Work to complete:
Include only the line with "vector_derivative (\<lambda>s. f" and the lines after it, each reproduced exactly as it stands in the entries below.
[Data section Boundary: Start]
(* For any smooth complex-valued potential $V(t,x)$, $\dim\mathfrak g^{\mathrm{ess}}_V\le7$.
   Context: $\mathfrak g_V$ denotes the maximal Lie invariance algebra of the equation $i\psi_t+\psi_{xx}+V(t,x)\psi=0$ ($\psi$ complex-valued of real $t,x$; vector fields act on $(t,x,\psi,\psi^* )$ with $\psi^*$ an additional dependent variable), considered locally. With $M=i\psi\partial_\psi-i\psi^*\partial_{\psi^*}$, $I=\psi\partial_\psi+\psi^*\partial_{\psi^*}$, $D(\tau)=\tau\partial_t+\frac12\tau_tx\partial_x+\frac18\tau_{tt}x^2M$, $G(\chi)=\chi\partial_x+\frac12\chi_txM$, the essential Lie invariance algebra is $\mathfrak g^{\mathrm{ess}}_V:=\mathfrak g_V\cap\langle D(\tau),G(\chi),\sigma(t)M,\rho(t)I\rangle$, the span being over all smooth real functions $\tau,\chi,\sigma,\rho$ of $t$. *)

theory Defs
  imports "HOL-Analysis.Analysis"
begin

definition pt :: "(real \<Rightarrow> real \<Rightarrow> 'a::real_normed_vector) \<Rightarrow> real \<Rightarrow> real \<Rightarrow> 'a" where
  "pt f t x = vector_derivative (\<lambda>s. f s x) (at t)"

definition px :: "(real \<Rightarrow> real \<Rightarrow> 'a::real_normed_vector) \<Rightarrow> real \<Rightarrow> real \<Rightarrow> 'a" where
  "px f t x = vector_derivative (\<lambda>y. f t y) (at x)"

datatype pdir = Dt | Dx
[Data section Boundary: End]
Response to the exercise:
  "pt f t x = vector_derivative (\<lambda>s. f s x) (at t)"

definition px :: "(real \<Rightarrow> real \<Rightarrow> 'a::real_normed_vector) \<Rightarrow> real \<Rightarrow> real \<Rightarrow> 'a" where
  "px f t x = vector_derivative (\<lambda>y. f t y) (at x)"

datatype pdir = Dt | Dx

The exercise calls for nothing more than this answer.